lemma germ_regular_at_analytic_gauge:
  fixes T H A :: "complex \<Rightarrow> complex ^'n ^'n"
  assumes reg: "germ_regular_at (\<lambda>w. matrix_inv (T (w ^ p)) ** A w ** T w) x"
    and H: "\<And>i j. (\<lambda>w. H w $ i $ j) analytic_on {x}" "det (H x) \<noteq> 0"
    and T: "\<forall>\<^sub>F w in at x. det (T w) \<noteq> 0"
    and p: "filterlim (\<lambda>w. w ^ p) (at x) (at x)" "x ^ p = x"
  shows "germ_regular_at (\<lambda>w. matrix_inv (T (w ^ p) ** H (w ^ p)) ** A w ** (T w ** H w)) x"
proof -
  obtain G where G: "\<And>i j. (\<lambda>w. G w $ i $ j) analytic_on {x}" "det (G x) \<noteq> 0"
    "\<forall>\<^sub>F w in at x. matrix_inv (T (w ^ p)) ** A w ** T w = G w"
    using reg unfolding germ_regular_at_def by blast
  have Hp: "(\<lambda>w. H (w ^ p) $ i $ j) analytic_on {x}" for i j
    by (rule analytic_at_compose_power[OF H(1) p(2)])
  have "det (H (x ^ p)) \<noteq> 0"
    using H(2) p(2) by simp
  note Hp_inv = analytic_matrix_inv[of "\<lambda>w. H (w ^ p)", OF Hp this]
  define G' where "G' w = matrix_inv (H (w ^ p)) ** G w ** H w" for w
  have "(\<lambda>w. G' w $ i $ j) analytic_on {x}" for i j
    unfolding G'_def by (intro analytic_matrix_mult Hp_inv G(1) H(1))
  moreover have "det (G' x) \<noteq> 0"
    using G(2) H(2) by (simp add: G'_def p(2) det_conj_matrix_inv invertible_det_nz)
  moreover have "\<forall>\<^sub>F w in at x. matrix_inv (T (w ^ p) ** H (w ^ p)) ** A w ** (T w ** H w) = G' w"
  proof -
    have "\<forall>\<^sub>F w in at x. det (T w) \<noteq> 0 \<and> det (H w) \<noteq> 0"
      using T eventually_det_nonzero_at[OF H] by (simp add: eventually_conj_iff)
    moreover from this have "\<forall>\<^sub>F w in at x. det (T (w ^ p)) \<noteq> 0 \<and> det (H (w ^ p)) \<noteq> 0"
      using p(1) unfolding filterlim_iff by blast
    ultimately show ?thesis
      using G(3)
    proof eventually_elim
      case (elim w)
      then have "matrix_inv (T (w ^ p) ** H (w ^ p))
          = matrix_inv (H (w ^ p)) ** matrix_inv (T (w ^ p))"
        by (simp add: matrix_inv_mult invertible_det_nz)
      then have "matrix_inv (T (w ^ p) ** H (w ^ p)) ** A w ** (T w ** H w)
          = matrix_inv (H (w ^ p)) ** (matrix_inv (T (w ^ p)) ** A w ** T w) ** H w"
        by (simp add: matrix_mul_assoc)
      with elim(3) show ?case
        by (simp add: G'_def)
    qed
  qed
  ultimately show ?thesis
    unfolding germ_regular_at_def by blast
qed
* * *
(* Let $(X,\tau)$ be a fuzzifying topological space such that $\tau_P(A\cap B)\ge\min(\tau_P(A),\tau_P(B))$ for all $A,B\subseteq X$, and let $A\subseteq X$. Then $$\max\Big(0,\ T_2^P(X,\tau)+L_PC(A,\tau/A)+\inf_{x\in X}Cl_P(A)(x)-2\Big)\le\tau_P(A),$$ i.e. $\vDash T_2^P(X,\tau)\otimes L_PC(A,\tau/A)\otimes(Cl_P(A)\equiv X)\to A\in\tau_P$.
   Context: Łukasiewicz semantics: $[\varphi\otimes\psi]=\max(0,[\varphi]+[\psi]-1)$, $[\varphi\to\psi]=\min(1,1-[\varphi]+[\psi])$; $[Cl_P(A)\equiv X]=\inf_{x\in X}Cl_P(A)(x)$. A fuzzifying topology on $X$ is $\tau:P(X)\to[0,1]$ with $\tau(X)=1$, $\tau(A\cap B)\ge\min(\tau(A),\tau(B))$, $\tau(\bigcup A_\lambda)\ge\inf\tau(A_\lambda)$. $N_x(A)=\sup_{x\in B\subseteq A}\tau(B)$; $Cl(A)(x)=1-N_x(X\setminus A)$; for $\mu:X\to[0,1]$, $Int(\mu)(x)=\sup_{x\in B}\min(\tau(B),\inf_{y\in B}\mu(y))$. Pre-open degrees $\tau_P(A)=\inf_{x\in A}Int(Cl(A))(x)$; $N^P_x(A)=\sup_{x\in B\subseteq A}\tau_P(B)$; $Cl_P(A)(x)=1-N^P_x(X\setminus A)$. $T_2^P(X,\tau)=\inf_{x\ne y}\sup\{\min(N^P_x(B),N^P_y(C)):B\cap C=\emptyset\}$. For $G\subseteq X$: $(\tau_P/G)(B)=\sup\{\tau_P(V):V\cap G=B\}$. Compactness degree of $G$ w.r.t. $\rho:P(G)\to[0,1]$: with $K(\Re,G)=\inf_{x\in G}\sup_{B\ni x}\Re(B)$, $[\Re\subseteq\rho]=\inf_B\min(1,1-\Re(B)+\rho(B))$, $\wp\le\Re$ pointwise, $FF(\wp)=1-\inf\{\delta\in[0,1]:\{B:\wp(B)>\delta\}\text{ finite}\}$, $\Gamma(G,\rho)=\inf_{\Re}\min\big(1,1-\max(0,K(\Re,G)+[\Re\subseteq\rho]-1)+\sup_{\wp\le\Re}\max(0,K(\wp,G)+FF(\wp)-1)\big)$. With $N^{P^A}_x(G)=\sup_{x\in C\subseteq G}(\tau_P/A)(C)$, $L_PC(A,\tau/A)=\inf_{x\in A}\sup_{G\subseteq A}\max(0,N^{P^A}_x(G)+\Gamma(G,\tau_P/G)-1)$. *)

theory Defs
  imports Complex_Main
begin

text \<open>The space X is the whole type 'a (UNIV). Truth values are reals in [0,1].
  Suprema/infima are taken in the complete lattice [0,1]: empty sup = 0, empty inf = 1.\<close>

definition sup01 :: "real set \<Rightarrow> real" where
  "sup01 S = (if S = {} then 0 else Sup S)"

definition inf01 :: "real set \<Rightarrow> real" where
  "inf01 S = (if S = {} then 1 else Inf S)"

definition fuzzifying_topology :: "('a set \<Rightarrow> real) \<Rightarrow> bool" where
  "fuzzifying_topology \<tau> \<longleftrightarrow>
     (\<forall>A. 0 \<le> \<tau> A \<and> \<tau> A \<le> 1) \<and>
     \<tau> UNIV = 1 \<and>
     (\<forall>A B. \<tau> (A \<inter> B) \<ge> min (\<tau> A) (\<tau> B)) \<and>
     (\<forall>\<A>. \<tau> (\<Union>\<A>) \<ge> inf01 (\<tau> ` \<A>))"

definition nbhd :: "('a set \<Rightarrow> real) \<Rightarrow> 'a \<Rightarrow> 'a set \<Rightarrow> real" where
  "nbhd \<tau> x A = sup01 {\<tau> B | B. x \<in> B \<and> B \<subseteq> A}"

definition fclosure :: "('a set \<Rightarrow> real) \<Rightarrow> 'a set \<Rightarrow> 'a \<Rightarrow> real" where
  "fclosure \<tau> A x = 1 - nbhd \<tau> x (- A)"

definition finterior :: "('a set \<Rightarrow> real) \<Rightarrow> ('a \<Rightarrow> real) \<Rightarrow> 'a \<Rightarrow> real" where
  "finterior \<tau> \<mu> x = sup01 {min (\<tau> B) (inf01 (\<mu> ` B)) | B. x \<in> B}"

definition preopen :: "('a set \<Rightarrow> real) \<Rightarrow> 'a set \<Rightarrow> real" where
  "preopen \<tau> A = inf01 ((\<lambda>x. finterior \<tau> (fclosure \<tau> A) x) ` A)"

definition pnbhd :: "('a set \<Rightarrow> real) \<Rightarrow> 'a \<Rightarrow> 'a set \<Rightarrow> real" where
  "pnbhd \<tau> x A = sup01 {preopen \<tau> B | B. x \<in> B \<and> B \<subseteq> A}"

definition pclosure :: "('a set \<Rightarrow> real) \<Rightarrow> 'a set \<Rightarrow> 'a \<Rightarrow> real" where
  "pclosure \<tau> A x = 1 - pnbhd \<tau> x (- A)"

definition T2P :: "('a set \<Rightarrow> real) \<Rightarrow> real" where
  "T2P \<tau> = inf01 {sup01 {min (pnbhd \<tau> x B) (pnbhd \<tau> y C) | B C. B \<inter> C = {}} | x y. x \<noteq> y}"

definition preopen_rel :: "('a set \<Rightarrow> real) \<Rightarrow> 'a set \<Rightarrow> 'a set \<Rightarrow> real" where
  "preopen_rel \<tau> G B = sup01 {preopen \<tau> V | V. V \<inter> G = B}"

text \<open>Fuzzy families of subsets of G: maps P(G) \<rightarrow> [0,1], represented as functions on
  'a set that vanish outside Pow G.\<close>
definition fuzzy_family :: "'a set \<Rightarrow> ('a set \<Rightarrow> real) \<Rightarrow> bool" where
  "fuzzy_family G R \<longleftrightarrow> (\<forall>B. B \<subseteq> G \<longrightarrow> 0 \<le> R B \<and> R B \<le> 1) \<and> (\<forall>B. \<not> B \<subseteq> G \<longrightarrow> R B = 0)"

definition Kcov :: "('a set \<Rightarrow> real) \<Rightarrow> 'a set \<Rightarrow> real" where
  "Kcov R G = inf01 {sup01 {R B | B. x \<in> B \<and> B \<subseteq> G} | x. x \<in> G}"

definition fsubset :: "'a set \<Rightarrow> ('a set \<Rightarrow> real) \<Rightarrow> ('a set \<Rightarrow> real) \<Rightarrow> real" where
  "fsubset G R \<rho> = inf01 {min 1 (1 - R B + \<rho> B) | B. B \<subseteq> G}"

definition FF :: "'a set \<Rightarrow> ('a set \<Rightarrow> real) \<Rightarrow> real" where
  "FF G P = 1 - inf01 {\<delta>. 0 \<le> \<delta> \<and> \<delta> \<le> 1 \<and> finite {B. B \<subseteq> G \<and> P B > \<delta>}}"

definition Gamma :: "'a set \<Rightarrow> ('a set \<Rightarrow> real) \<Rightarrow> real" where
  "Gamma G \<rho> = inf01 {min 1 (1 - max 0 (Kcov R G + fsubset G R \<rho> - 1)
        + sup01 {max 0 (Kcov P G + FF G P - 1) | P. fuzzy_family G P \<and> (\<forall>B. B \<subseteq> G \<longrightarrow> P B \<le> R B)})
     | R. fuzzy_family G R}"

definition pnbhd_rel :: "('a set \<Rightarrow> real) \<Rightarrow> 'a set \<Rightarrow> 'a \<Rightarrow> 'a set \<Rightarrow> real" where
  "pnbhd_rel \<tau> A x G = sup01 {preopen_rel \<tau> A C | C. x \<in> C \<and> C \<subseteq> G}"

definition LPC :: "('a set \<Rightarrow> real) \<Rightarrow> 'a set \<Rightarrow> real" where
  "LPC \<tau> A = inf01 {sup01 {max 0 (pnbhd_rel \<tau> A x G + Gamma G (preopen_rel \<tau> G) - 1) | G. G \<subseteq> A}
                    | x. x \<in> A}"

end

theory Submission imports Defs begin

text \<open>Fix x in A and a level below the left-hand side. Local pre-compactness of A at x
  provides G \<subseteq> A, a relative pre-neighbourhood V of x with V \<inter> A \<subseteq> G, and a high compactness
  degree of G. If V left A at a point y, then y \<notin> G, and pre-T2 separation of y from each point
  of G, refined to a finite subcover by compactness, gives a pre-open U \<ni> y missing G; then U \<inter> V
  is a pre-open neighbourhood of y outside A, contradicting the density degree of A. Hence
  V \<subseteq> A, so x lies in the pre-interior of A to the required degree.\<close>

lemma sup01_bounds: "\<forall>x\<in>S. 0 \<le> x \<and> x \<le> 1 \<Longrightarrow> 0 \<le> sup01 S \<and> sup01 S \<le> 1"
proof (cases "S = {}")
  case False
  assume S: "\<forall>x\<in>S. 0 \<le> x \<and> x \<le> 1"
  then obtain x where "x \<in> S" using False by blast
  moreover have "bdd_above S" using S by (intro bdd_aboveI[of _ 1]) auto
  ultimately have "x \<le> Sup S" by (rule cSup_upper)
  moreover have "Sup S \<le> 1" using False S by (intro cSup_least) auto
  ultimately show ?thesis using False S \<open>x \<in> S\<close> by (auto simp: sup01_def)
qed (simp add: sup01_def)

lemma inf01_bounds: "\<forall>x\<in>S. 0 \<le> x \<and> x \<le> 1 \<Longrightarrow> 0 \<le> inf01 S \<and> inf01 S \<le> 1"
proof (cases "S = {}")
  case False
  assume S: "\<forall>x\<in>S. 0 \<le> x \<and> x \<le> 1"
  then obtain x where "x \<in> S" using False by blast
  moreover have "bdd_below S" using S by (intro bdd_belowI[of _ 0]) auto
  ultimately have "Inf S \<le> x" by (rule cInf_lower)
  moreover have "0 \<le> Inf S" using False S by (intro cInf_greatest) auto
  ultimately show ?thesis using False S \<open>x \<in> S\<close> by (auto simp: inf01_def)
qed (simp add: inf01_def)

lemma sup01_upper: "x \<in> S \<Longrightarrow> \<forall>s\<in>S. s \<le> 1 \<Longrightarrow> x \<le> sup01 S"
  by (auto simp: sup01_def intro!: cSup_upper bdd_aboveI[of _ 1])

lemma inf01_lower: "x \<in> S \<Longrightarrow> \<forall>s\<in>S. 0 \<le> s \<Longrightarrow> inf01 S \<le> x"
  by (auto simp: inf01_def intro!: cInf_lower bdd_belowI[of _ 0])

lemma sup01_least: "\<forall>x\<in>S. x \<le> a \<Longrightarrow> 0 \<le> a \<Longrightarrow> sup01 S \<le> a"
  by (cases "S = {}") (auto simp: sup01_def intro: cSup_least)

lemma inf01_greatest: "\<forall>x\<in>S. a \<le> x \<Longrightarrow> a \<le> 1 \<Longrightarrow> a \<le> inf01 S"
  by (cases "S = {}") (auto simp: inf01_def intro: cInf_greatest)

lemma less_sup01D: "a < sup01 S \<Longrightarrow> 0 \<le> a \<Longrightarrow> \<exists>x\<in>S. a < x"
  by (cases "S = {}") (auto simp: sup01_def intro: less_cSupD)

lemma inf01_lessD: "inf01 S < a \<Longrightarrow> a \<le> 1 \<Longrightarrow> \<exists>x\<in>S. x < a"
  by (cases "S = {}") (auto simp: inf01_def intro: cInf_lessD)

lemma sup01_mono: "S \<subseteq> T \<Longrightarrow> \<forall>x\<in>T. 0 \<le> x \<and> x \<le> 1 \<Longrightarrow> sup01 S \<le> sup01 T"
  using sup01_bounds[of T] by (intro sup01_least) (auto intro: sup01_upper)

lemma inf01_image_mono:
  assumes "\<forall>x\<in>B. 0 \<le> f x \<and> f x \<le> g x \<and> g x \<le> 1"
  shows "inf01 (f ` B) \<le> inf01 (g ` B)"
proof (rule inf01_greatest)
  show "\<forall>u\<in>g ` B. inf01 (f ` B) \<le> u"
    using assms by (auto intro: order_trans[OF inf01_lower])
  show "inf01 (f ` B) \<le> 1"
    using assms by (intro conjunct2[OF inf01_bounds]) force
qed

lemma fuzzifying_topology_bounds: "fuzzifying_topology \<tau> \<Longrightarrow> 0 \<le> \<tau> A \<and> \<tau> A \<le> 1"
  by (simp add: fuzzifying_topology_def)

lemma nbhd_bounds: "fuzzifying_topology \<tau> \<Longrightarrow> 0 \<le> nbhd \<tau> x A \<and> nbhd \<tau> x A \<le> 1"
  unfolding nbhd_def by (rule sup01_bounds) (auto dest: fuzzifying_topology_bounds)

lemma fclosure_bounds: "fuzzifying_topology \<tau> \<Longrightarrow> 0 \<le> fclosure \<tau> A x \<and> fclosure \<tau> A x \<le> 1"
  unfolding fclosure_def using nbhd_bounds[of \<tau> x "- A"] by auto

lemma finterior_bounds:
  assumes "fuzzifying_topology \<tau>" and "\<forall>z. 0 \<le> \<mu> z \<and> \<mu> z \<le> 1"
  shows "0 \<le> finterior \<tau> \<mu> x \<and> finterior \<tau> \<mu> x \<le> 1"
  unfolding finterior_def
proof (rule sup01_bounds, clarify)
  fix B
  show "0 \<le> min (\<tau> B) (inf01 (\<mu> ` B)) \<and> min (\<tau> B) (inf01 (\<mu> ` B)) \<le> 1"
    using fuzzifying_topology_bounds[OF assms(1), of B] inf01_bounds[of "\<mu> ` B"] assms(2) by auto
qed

> **Problem details**:
In the entries above, please find the line with "bdd_belowI[of _ 0]) auto" and the line with "(intro cInf_greatest) auto", then write out exactly those two lines and every line between them, and nothing more.

> **Task answer**:
  moreover have "bdd_below S" using S by (intro bdd_belowI[of _ 0]) auto
  ultimately have "Inf S \<le> x" by (rule cInf_lower)
  moreover have "0 \<le> Inf S" using False S by (intro cInf_greatest) auto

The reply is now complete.